Monday, December 24, 2012

Sunday afternoon raptors

Last week we had just an hour or so before sunset to go birding, and headed to look for raptors in Adams County. We focused on part of the DIA Owl Loop just south of Barr Lake State Park.

Our raptor run indicated in red. Adams County. December 16, 2012.
Right off the bat we got great looks at a beautiful Rough-legged Hawk. The light was a little dull, so we were pushing our camera to the limits with 3,200 ISO. Some cameras handle high ISO conditions better than others, and our Canon SX40 HS certainly does a better job than any of our previous cameras, but it's still grainier than I'd like.

Rough-legged Hawk. 128th Ave between Tower Rd and Picadilly Rd, Adams County. December 16, 2012.
Rough-legged Hawks and Ferruginous Hawks are the only buteos that have feathered legs, which is a necessary adaptation for these Arctic raptors, and their nests sometimes contain the bones of caribou.

eBird animated occurrence map for Rough-Legged Hawk.
In flight, one of the best field marks for identification is the dark wrist patches that are clearly visible in flight, though they can be a little harder to make out on dark-morphs.

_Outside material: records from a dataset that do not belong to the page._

(* Let $X$ be a rearrangement invariant space on $[0,1]$ which is an interpolation space between $L^1([0,1])$ and $L^\infty([0,1])$, and let $(w_{n_k})$ be a $q$-lacunary sequence of Walsh functions with $q>1$. Then $(w_{n_k})$ is a basic sequence in $X$, i.e. there is a constant $K>0$ such that $\|\sum_{k=1}^Ma_kw_{n_k}\|_X\le K\|\sum_{k=1}^Na_kw_{n_k}\|_X$ for all $M<N$ and all real $a_1,\dots,a_N$.
   Context: $m$ is Lebesgue measure. A Banach function space $X$ over $[0,1]$ is a linear space of measurable functions with a complete norm such that $g\in X$, $|f|\le|g|$ a.e. imply $f\in X$, $\|f\|_X\le\|g\|_X$; it is rearrangement invariant (r.i.) if equimeasurable functions have equal norms (and membership). $X$ is an interpolation space between $L^1$ and $L^\infty$ if $L^\infty\subset X\subset L^1$ continuously and every linear operator bounded on $L^1$ and on $L^\infty$ is bounded on $X$. Rademacher functions $r_k(t)=\mathrm{sign}\sin(2^k\pi t)$; Walsh functions (Paley numbering) $w_0=1$, $w_k=r_1^{a_1}\cdots r_n^{a_n}$ for $k=\sum_{i=1}^na_i2^{i-1}$, $a_i\in\{0,1\}$. $(w_{n_k})$ is $q$-lacunary if $n_{k+1}/n_k\ge q$ for all $k$. *)

theory Defs
  imports "HOL-Analysis.Analysis"
begin

abbreviation I01 :: "real measure" where
  "I01 \<equiv> lebesgue_on {0..1}"

text \<open>A function space is given by a set X of functions and a norm nrm on it.
  Banach function space over [0,1] (norm is on functions, a.e.-equal functions get equal
  norm by the lattice property).\<close>
definition banach_function_space :: "(real \<Rightarrow> real) set \<Rightarrow> ((real \<Rightarrow> real) \<Rightarrow> real) \<Rightarrow> bool" where
  "banach_function_space X nrm \<longleftrightarrow>
     X \<subseteq> borel_measurable I01 \<and>
     (\<lambda>_. 0) \<in> X \<and>
     (\<forall>f\<in>X. \<forall>g\<in>X. (\<lambda>x. f x + g x) \<in> X) \<and>
     (\<forall>c. \<forall>f\<in>X. (\<lambda>x. c * f x) \<in> X) \<and>
     (\<forall>f\<in>X. 0 \<le> nrm f) \<and>
     (\<forall>f\<in>X. nrm f = 0 \<longleftrightarrow> (AE x in I01. f x = 0)) \<and>
     (\<forall>f\<in>X. \<forall>g\<in>X. nrm (\<lambda>x. f x + g x) \<le> nrm f + nrm g) \<and>
     (\<forall>c. \<forall>f\<in>X. nrm (\<lambda>x. c * f x) = \<bar>c\<bar> * nrm f) \<and>
     (\<forall>f g. g \<in> X \<and> f \<in> borel_measurable I01 \<and> (AE x in I01. \<bar>f x\<bar> \<le> \<bar>g x\<bar>)
            \<longrightarrow> f \<in> X \<and> nrm f \<le> nrm g) \<and>
     (\<forall>u :: nat \<Rightarrow> real \<Rightarrow> real. (\<forall>n. u n \<in> X) \<and>
          (\<forall>e>0. \<exists>K. \<forall>m\<ge>K. \<forall>n\<ge>K. nrm (\<lambda>x. u m x - u n x) < e)
        \<longrightarrow> (\<exists>f\<in>X. (\<lambda>n. nrm (\<lambda>x. u n x - f x)) \<longlonglongrightarrow> 0))"

definition equimeasurable :: "(real \<Rightarrow> real) \<Rightarrow> (real \<Rightarrow> real) \<Rightarrow> bool" where
  "equimeasurable f g \<longleftrightarrow>
     (\<forall>t. measure I01 {x \<in> {0..1}. \<bar>f x\<bar> > t} = measure I01 {x \<in> {0..1}. \<bar>g x\<bar> > t})"

definition rearrangement_invariant :: "(real \<Rightarrow> real) set \<Rightarrow> ((real \<Rightarrow> real) \<Rightarrow> real) \<Rightarrow> bool" where
  "rearrangement_invariant X nrm \<longleftrightarrow>
     banach_function_space X nrm \<and>
     (\<forall>f g. f \<in> borel_measurable I01 \<and> g \<in> borel_measurable I01 \<and> equimeasurable f g
        \<longrightarrow> (f \<in> X \<longleftrightarrow> g \<in> X) \<and> (f \<in> X \<longrightarrow> nrm f = nrm g))"

definition ess_bdd :: "(real \<Rightarrow> real) \<Rightarrow> real \<Rightarrow> bool" where
  "ess_bdd f c \<longleftrightarrow> (AE x in I01. \<bar>f x\<bar> \<le> c)"

definition L1norm :: "(real \<Rightarrow> real) \<Rightarrow> real" where
  "L1norm f = (\<integral>x. \<bar>f x\<bar> \<partial>I01)"

text \<open>A linear operator on L1 = L1 + L-infinity that is bounded on L1 and on L-infinity.\<close>
definition bounded_L1_Linf_operator :: "((real \<Rightarrow> real) \<Rightarrow> (real \<Rightarrow> real)) \<Rightarrow> bool" where
  "bounded_L1_Linf_operator T \<longleftrightarrow>
     (\<forall>f. integrable I01 f \<longrightarrow> integrable I01 (T f)) \<and>
     (\<forall>a b f g. integrable I01 f \<and> integrable I01 g \<longrightarrow>
        (AE x in I01. T (\<lambda>y. a * f y + b * g y) x = a * T f x + b * T g x)) \<and>
     (\<exists>C. \<forall>f. integrable I01 f \<longrightarrow> L1norm (T f) \<le> C * L1norm f) \<and>
     (\<exists>C. \<forall>f c. f \<in> borel_measurable I01 \<and> ess_bdd f c \<longrightarrow> ess_bdd (T f) (C * c))"

definition interpolation_space_L1_Linf :: "(real \<Rightarrow> real) set \<Rightarrow> ((real \<Rightarrow> real) \<Rightarrow> real) \<Rightarrow> bool" where
  "interpolation_space_L1_Linf X nrm \<longleftrightarrow>
     (\<exists>C. \<forall>f c. f \<in> borel_measurable I01 \<and> ess_bdd f c \<longrightarrow> f \<in> X \<and> nrm f \<le> C * c) \<and>
     (\<exists>C. \<forall>f\<in>X. integrable I01 f \<and> L1norm f \<le> C * nrm f) \<and>
     (\<forall>T. bounded_L1_Linf_operator T \<longrightarrow>
        (\<exists>C. \<forall>f\<in>X. T f \<in> X \<and> nrm (T f) \<le> C * nrm f))"

definition rademacher :: "nat \<Rightarrow> real \<Rightarrow> real" where
  "rademacher k t = sgn (sin (2 ^ k * pi * t))"

definition walsh :: "nat \<Rightarrow> real \<Rightarrow> real" where
  "walsh n t = (\<Prod>i<n. if bit n i then rademacher (Suc i) t else 1)"

definition lacunary :: "real \<Rightarrow> (nat \<Rightarrow> nat) \<Rightarrow> bool" where
  "lacunary q n \<longleftrightarrow> (\<forall>k\<ge>1. real (n (Suc k)) / real (n k) \<ge> q)"

end

theory Submission
  imports Defs "HOL-Library.Discrete_Functions"
begin

text \<open>Off the dyadic rationals, a point \<open>t \<in> [0,1]\<close> is determined up to level \<open>R\<close> by the set
  \<open>S \<subseteq> {..<R}\<close> of positions of its binary digits equal to 1; then \<open>w\<^sub>n(t) = (-1)^|bits(n) \<inter> S|\<close>
  is a character of the group \<open>(Pow {..<R}, sym_diff)\<close>, and Lebesgue measure becomes counting
  measure divided by \<open>2^R\<close>. Translating \<open>S\<close> by \<open>J\<close> preserves distributions and multiplies the
  coefficient of \<open>w\<^sub>n\<close> by \<open>(-1)^|bits(n) \<inter> J|\<close>, so in an r.i. space any weighted average of the
  translates of \<open>f = \<Sum> a\<^sub>k w\<^bsub>n\<^sub>k\<^esub>\<close> has norm at most \<open>\<parallel>f\<parallel>\<close> times the sum of the absolute weights. The uniform
  average over \<open>J \<subseteq> {m..<R}\<close> is the dyadic partial sum over \<open>n\<^sub>k < 2^m\<close>, and averaging against the
  character of \<open>n\<^sub>k\<close> isolates the term \<open>a\<^sub>k w\<^bsub>n\<^sub>k\<^esub>\<close>; both have norm at most \<open>\<parallel>f\<parallel>\<close>.
  If \<open>2 \<le> q^L\<close> and \<open>n\<^sub>M < 2^m \<le> 2 n\<^sub>M\<close>, lacunarity leaves fewer than \<open>L\<close> indices \<open>k > M\<close> with
  \<open>n\<^sub>k < 2^m\<close>, so the partial sum up to \<open>M\<close> has norm at most \<open>L \<parallel>f\<parallel>\<close>. The interpolation
  hypothesis only serves to put the bounded function \<open>f\<close> into \<open>X\<close>.\<close>

section \<open>Characters of the dyadic group\<close>

definition bits_of :: "nat \<Rightarrow> nat set" where
  "bits_of n = {i. bit n i}"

Rough-legged Hawk, showing off its characteristic wrist patches.
128th Ave between Tower Rd and Picadilly Rd, Adams County. December 16, 2012.

Rough-legged Hawk. 112th Ave between Chambers Rd and Potomac Rd, Adams Count. December 16, 2012.
We also got great looks at a beautiful Prairie Falcon, which took flight and disappeared off into the horizon before we could get the camera on it. It was probably the best perched view we've had, so despite the lack of pictures, we were still thrilled at the view.

 American Kestrels are perhaps the most common raptor we see on a regular basis, but they're so colorful and entertaining to watch, their common-ness doesn't make them any less enjoyable. We watched this Kestrel devour his supper from a power line.

American Kestrel eating rodent intestines.
128th Ave between Tower Rd and Picadilly Rd, Adams County. December 16, 2012.
The light was not great for showing off the Kestrel's beautiful plumage, but we enjoyed watching it enjoy a meal. We've seen Kestrel's on literally hundreds of occasions, but this is the best view we've ever had of one actually devouring its prey.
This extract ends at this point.